Akun
guest@beritabali.com
Beritabali ID: —
Langganan
Beritabali Premium Aktif
Nikmati akses penuh ke semua artikel dengan Beritabali Premium
- Rabu, 17 Juni 2026
Badung Pinjam Rp2,8 Triliun ke PT SMI untuk Atasi Kemacetan di Kuta Selatan-Utara
BERITABALI.COM, BADUNG.
Upaya percepatan pembangunan infrastruktur jalan di Kabupaten Badung memasuki babak baru. Bupati Badung I Wayan Adi Arnawa didampingi Ketua DPRD Badung I Gusti Anom Gumanti resmi menandatangani Perjanjian Pinjaman Daerah bersama PT Sarana Multi Infrastruktur (SMI) Persero, Kamis (30/10), di Ruang Kertha Gosana, Puspem Badung.
Pinjaman sebesar Rp2,8 triliun ini menjadi skema pembiayaan besar yang disiapkan Badung untuk mengurai kemacetan kronis di kawasan pariwisata, khususnya Kuta Selatan dan Kuta Utara.
Bupati Adi Arnawa menegaskan bahwa langkah cepat perlu diambil karena kemacetan di wilayah-wilayah tersebut sudah mengganggu mobilitas masyarakat dan wisatawan.

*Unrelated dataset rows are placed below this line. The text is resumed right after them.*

(* Every CQAP $Q\in\mathrm{CQAP}_0$ with at least one variable has dynamic width $\delta(Q)=0$ and static width $\mathsf w(Q)=1$.
   Context: CQAP. A conjunctive query with free access patterns (CQAP) has the form $Q(\mathcal O\mid\mathcal I)=R_1(\mathcal X_1),\dots,R_n(\mathcal X_n)$, where $R_i(\mathcal X_i)$ are atoms, $\mathit{vars}(Q)=\bigcup_i\mathcal X_i$, and the free variables $\mathcal O\cup\mathcal I\subseteq\mathit{vars}(Q)$ are partitioned into input variables $\mathcal I$ and output variables $\mathcal O$ (either may be empty); the other variables are bound. $\mathit{atoms}(X)$ denotes the set of atoms whose schema contains $X$. Fracture. The fracture $Q_\dagger$ of $Q$ is obtained by: replacing every occurrence of an input variable in every atom by a distinct fresh variable; computing the connected components of the hypergraph of the resulting query (vertices = variables, hyperedges = atom schemas); within each connected component, replacing all fresh variables originating from the same input variable of $Q$ by one fresh input variable. Output and bound variables are unchanged. Structural classes. $B$ dominates $A$ if $\mathit{atoms}(A)\subsetneq\mathit{atoms}(B)$. A CQAP is free-dominant (input-dominant) if whenever $A$ is free (input) and $B$ dominates $A$, then $B$ is free (input). It is hierarchical if for all variables $A,B$: $\mathit{atoms}(A)\subseteq\mathit{atoms}(B)$, or $\mathit{atoms}(B)\subseteq\mathit{atoms}(A)$, or $\mathit{atoms}(A)\cap\mathit{atoms}(B)=\emptyset$. $\mathrm{CQAP}_0$ is the class of CQAPs whose fracture is hierarchical, free-dominant and input-dominant. Variable orders. A variable order (VO) $\omega$ for a CQAP is a rooted forest with exactly one node per variable such that the variables of each atom lie on a common root-to-leaf path; $\mathit{dep}_\omega(X)$ is the set of ancestors $Y$ of $X$ that occur in a common atom with some variable of the subtree rooted at $X$. The extended VO adds leaves: each atom becomes a child of its lowest variable; then, processing variables bottom-up, at each variable $X$ with $\mathcal S=\{X\}\cup\mathit{dep}_\omega(X)$ and $\mathcal R$ the set of atoms below $X$, consider candidate indicator atoms $I_{\mathcal Z}R(\mathcal Z)$ for atoms $R(\mathcal Y)$ not in $\mathcal R$ with $\mathcal Z=\mathcal Y\cap\mathcal S\neq\emptyset$; run the GYO reduction (repeatedly delete a vertex occurring in only one hyperedge and a hyperedge contained in another) on the hypergraph whose hyperedges are the schemas of the candidates and of $\mathcal R$, and add as children of $X$ those candidates whose hyperedges survive in the fixpoint. All VOs are extended. A VO is access-top if no bound variable is an ancestor of a free variable and no output variable is an ancestor of an input variable. Widths. For a VO $\omega$ and variable $X$, $\omega_X$ is the subtree rooted at $X$ and $Q_X$ the join of all atoms and indicator atoms at the leaves of $\omega_X$. For a variable set $\mathcal F$, $\rho^*_{Q_X}(\mathcal F)$ is the minimum of $\sum_e\lambda_e$ over $\lambda_e\in[0,1]$ indexed by atoms $e$ of $Q_X$ subject to $\sum_{e\ni Y}\lambda_e\ge1$ for all $Y\in\mathcal F$ (so $\rho^*(\emptyset)=0$). $\mathsf w(\omega)=\max_X\rho^*_{Q_X}(\{X\}\cup\mathit{dep}_\omega(X))$ and $\delta(\omega)=\max_X\max_{R(\mathcal Y)}\rho^*_{Q_X}((\{X\}\cup\mathit{dep}_\omega(X))\setminus\mathcal Y)$, the inner maximum over atoms and indicator atoms $R(\mathcal Y)$ at leaves of $\omega_X$. For a CQAP $Q$, $(\delta(Q),\mathsf w(Q))$ is the lexicographically smallest pair $(\delta(\omega),\mathsf w(\omega))$ (first minimise $\delta$, then $\mathsf w$) over all access-top VOs $\omega$ of $Q_\dagger$. *)

theory Defs
  imports Complex_Main
begin

text \<open>A CQAP is given by the list of its atoms (each atom represented by its schema,
  the finite set of variables it contains; relation symbols play no role in any notion
  used here), its input variables and its output variables.\<close>

record 'v cqap =
  atoms :: "'v set list"
  inp   :: "'v set"
  outp  :: "'v set"

definition qvars :: "'v cqap \<Rightarrow> 'v set" where
  "qvars Q = \<Union> (set (atoms Q))"

definition free_vars :: "'v cqap \<Rightarrow> 'v set" where
  "free_vars Q = inp Q \<union> outp Q"

definition bound_vars :: "'v cqap \<Rightarrow> 'v set" where
  "bound_vars Q = qvars Q - free_vars Q"

definition wf_cqap :: "'v cqap \<Rightarrow> bool" where
  "wf_cqap Q \<longleftrightarrow> (\<forall>X \<in> set (atoms Q). finite X)
      \<and> inp Q \<union> outp Q \<subseteq> qvars Q \<and> inp Q \<inter> outp Q = {}"

definition atoms_of :: "'v cqap \<Rightarrow> 'v \<Rightarrow> nat set" where
  "atoms_of Q A = {i. i < length (atoms Q) \<and> A \<in> atoms Q ! i}"

definition dominates :: "'v cqap \<Rightarrow> 'v \<Rightarrow> 'v \<Rightarrow> bool" where
  "dominates Q B A \<longleftrightarrow> atoms_of Q A \<subset> atoms_of Q B"

definition free_dominant :: "'v cqap \<Rightarrow> bool" where
  "free_dominant Q \<longleftrightarrow> (\<forall>A \<in> qvars Q. \<forall>B \<in> qvars Q.
      A \<in> free_vars Q \<and> dominates Q B A \<longrightarrow> B \<in> free_vars Q)"

definition input_dominant :: "'v cqap \<Rightarrow> bool" where
  "input_dominant Q \<longleftrightarrow> (\<forall>A \<in> qvars Q. \<forall>B \<in> qvars Q.
      A \<in> inp Q \<and> dominates Q B A \<longrightarrow> B \<in> inp Q)"

definition hierarchical :: "'v cqap \<Rightarrow> bool" where
  "hierarchical Q \<longleftrightarrow> (\<forall>A \<in> qvars Q. \<forall>B \<in> qvars Q.
      atoms_of Q A \<subseteq> atoms_of Q B \<or> atoms_of Q B \<subseteq> atoms_of Q A
      \<or> atoms_of Q A \<inter> atoms_of Q B = {})"

text \<open>After replacing every occurrence of an input variable by a distinct fresh variable,
  two atoms are adjacent in the hypergraph iff they share a non-input variable
  (fresh variables occur in exactly one atom).\<close>

definition frac_adj :: "'v cqap \<Rightarrow> nat \<Rightarrow> nat \<Rightarrow> bool" where
  "frac_adj Q i j \<longleftrightarrow> i < length (atoms Q) \<and> j < length (atoms Q)
      \<and> (\<exists>v. v \<notin> inp Q \<and> v \<in> atoms Q ! i \<and> v \<in> atoms Q ! j)"

definition frac_comp :: "'v cqap \<Rightarrow> nat \<Rightarrow> nat set" where
  "frac_comp Q i = {j. (i, j) \<in> {(a, b). frac_adj Q a b}\<^sup>*}"

definition frac_rep :: "'v cqap \<Rightarrow> nat \<Rightarrow> nat" where
  "frac_rep Q i = (LEAST j. j \<in> frac_comp Q i)"

text \<open>Variables of the fracture: non-input variables v become (v, None); an input
  variable x occurring in the component named c becomes the fresh input variable (x, Some c).\<close>

definition frac_atom :: "'v cqap \<Rightarrow> nat \<Rightarrow> ('v \<times> nat option) set" where
  "frac_atom Q i = (\<lambda>v. (v, None)) ` (atoms Q ! i - inp Q)
      \<union> (\<lambda>x. (x, Some (frac_rep Q i))) ` (atoms Q ! i \<inter> inp Q)"

definition fracture :: "'v cqap \<Rightarrow> ('v \<times> nat option) cqap" where
  "fracture Q = \<lparr> atoms = map (frac_atom Q) [0..<length (atoms Q)],
      inp = {(x, Some (frac_rep Q i)) | x i. i < length (atoms Q) \<and> x \<in> atoms Q ! i \<inter> inp Q},
      outp = (\<lambda>v. (v, None)) ` outp Q \<rparr>"

definition CQAP0 :: "'v cqap \<Rightarrow> bool" where
  "CQAP0 Q \<longleftrightarrow> hierarchical (fracture Q) \<and> free_dominant (fracture Q)
      \<and> input_dominant (fracture Q)"

text \<open>A variable order is a rooted forest on the variables, given by a parent map.\<close>

type_synonym 'v vo = "'v \<Rightarrow> 'v option"

definition par_rel :: "'v vo \<Rightarrow> ('v \<times> 'v) set" where
  "par_rel \<omega> = {(x, y). \<omega> x = Some y}"

text \<open>anc \<omega> x y: y is a (strict) ancestor of x.\<close>
definition anc :: "'v vo \<Rightarrow> 'v \<Rightarrow> 'v \<Rightarrow> bool" where
  "anc \<omega> x y \<longleftrightarrow> (x, y) \<in> (par_rel \<omega>)\<^sup>+"

definition subtree :: "'v vo \<Rightarrow> 'v \<Rightarrow> 'v set" where
  "subtree \<omega> X = insert X {Z. anc \<omega> Z X}"

text \<open>The variables of each atom lie on a common root-to-leaf path, i.e. they are
  pairwise comparable w.r.t. the ancestor relation.\<close>
definition is_vo :: "'v cqap \<Rightarrow> 'v vo \<Rightarrow> bool" where
  "is_vo Q \<omega> \<longleftrightarrow> (\<forall>x. x \<notin> qvars Q \<longrightarrow> \<omega> x = None)
      \<and> (\<forall>x y. \<omega> x = Some y \<longrightarrow> y \<in> qvars Q)
      \<and> (\<forall>x. \<not> anc \<omega> x x)
      \<and> (\<forall>A \<in> set (atoms Q). \<forall>x \<in> A. \<forall>y \<in> A. x = y \<or> anc \<omega> x y \<or> anc \<omega> y x)"

definition dep :: "'v cqap \<Rightarrow> 'v vo \<Rightarrow> 'v \<Rightarrow> 'v set" where
  "dep Q \<omega> X = {Y. anc \<omega> X Y \<and> (\<exists>A \<in> set (atoms Q). Y \<in> A \<and> (\<exists>Z \<in> subtree \<omega> X. Z \<in> A))}"
theorem mainTheorem7:
  fixes V :: "'a set" and E :: "'a set set" and VL :: "'a set" and EL :: "'a set set"
  assumes "simple_graph V E"
    and "triangle_free E"
    and "K33_subdivision_in V E VL EL"
    and "\<forall>VL' EL'. K33_subdivision_in V E VL' EL' \<and> num_bad E VL' EL' \<le> num_bad E VL EL
              \<longrightarrow> card EL \<le> card EL'"
  shows "\<forall>e \<in> bad_edges E VL EL.
           \<not> (\<exists>p. is_branch VL EL p \<and> e \<subseteq> set p) \<and>
           \<not> (\<exists>u v p q. e = {u, v} \<and> non_essential VL EL u \<and> non_essential VL EL v \<and>
                 is_branch VL EL p \<and> is_branch VL EL q \<and> adjacent_branches p q \<and>
                 u \<in> set p \<and> v \<in> set q)"
proof -
  obtain a b P where "K33_frame a b P VL EL"
    using assms(3) is_K33_subdivision_iff unfolding K33_subdivision_in_def by blast
  then interpret K33_frame a b P VL EL .
  have no_better: "\<not> better_subdivision V E VL EL VL' EL'" for VL' EL'
    using assms(4) unfolding better_subdivision_def by fastforce
  have bad: "e \<in> E" "e \<notin> EL" if "e \<in> bad_edges E VL EL" for e
    using that unfolding bad_edges_def by auto
  show ?thesis
  proof (intro ballI conjI notI; elim exE conjE)
    fix e p assume e: "e \<in> bad_edges E VL EL" and p: "is_branch VL EL p" "e \<subseteq> set p"
    obtain x y where "e = {x, y}" "x \<noteq> y"
      using assms(1) bad[OF e] unfolding simple_graph_def by blast
    moreover obtain i j where "i < 3" "j < 3" "set p = set (P i j)"
      using branch_cases[OF p(1)] by blast
    ultimately show False
      using path_chord_better[OF assms(3)] p(2) bad[OF e] no_better by auto
  next
    fix e u v p q assume "e \<in> bad_edges E VL EL" "e = {u, v}" "non_essential VL EL u"
      "non_essential VL EL v" "is_branch VL EL p" "is_branch VL EL q" "adjacent_branches p q"
      "u \<in> set p" "v \<in> set q"
    then show False
      using adjacent_branches_edge_better[OF assms(3,2)] bad no_better
      unfolding non_essential_def by blast
  qed
qed

end
(* Let $f\colon K\to R$ be a homomorphism of (nonunital) rings, and assume that $KR\subset RK$ in $R$ (for example, $RK=R$). Then (a) any right $R$-module that is t-unital as a right $K$-module is also t-unital as a right $R$-module; (b) any left $R$-module that is c-unital as a left $K$-module is also c-unital as a left $R$-module. In particular, if the ring $R$ is commutative, then (a) and (b) hold for any homomorphism $f$.
   Context: Rings are associative, not necessarily unital; modules are not assumed unital. $KR$ denotes the additive subgroup of $R$ generated by products $f(k)r$, and $RK$ the subgroup generated by $rf(k)$, for $k\in K$, $r\in R$; $R$-modules are $K$-modules via $f$. A right module $N$ over a ring $S$ is t-unital if $N\otimes_S S\to N$, $n\otimes s\mapsto ns$, is an isomorphism; a left $S$-module $P$ is c-unital if $P\to\mathrm{Hom}_S(S,P)$, $p\mapsto(s\mapsto sp)$, is an isomorphism (with $\mathrm{Hom}_S$ denoting left $S$-module homomorphisms). *)

theory Defs
  imports Main "HOL-Library.Poly_Mapping"
begin

definition ring_hom :: "('k::ring \<Rightarrow> 'r::ring) \<Rightarrow> bool" where
  "ring_hom f \<longleftrightarrow> (\<forall>a b. f (a + b) = f a + f b) \<and> (\<forall>a b. f (a * b) = f a * f b)"

inductive_set subgroup_gen :: "'a::ab_group_add set \<Rightarrow> 'a set" for G where
  zero: "0 \<in> subgroup_gen G"
| gen: "g \<in> G \<Longrightarrow> g \<in> subgroup_gen G"
| diff: "a \<in> subgroup_gen G \<Longrightarrow> b \<in> subgroup_gen G \<Longrightarrow> a - b \<in> subgroup_gen G"

definition KR :: "('k::ring \<Rightarrow> 'r::ring) \<Rightarrow> 'r set" where
  "KR f = subgroup_gen {f k * r | k r. True}"

definition RK :: "('k::ring \<Rightarrow> 'r::ring) \<Rightarrow> 'r set" where
  "RK f = subgroup_gen {r * f k | r k. True}"

definition right_module :: "('n::ab_group_add \<Rightarrow> 's::ring \<Rightarrow> 'n) \<Rightarrow> bool" where
  "right_module act \<longleftrightarrow>
     (\<forall>n n' s. act (n + n') s = act n s + act n' s) \<and>
     (\<forall>n s s'. act n (s + s') = act n s + act n s') \<and>
     (\<forall>n s s'. act (act n s) s' = act n (s * s'))"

“Kami di Badung menghadapi tantangan yang cukup besar terkait kemacetan. Kalau tidak segera diatasi, kami takut tidak mampu mengejar, terutama harga tanah di kawasan pariwisata selatan yang terus naik. Karena itu kami putuskan mengambil skenario pinjaman sebesar Rp2,8 triliun dengan bunga 5,7%,” jelasnya.
Adi Arnawa juga memaparkan bahwa anggaran tahun 2025 telah memasuki tahap pembebasan lahan, dan awal 2026 proyek memasuki fase konstruksi. Dana pinjaman cair bertahap, sementara kewajiban pembayaran dimulai enam bulan setelah penandatanganan.
Menurutnya, PT SMI dipilih sebagai kreditur setelah melalui berbagai pertimbangan, terutama suku bunga.
“Saya melihat suku bunga ini sangat menentukan kewajiban kita. PT SMI menjadi pilihan yang paling memungkinkan untuk kita nego. Awalnya kami sempat ke PT BPD, tetapi mereka tidak bisa sendiri. Kebetulan sekarang daerah diberi ruang meminjam dana ke pusat,” ungkapnya.
Gubernur Bali Wayan Koster mengapresiasi langkah Pemkab Badung yang mempercepat pembangunan infrastruktur jalan demi mengimbangi pesatnya perkembangan pariwisata.
“Perkembangan pariwisata di Badung membawa masalah seperti macet, sampah, dan air bersih. Jika tidak dipercepat, harga tanah akan semakin meningkat dan dampaknya besar ke depan. Makin cepat dibangun makin bagus,” ujarnya.
Direktur Utama PT SMI Reynaldi Hermansjah menyebut skema pinjaman ini sebagai kolaborasi strategis untuk mempercepat pembangunan infrastruktur vital.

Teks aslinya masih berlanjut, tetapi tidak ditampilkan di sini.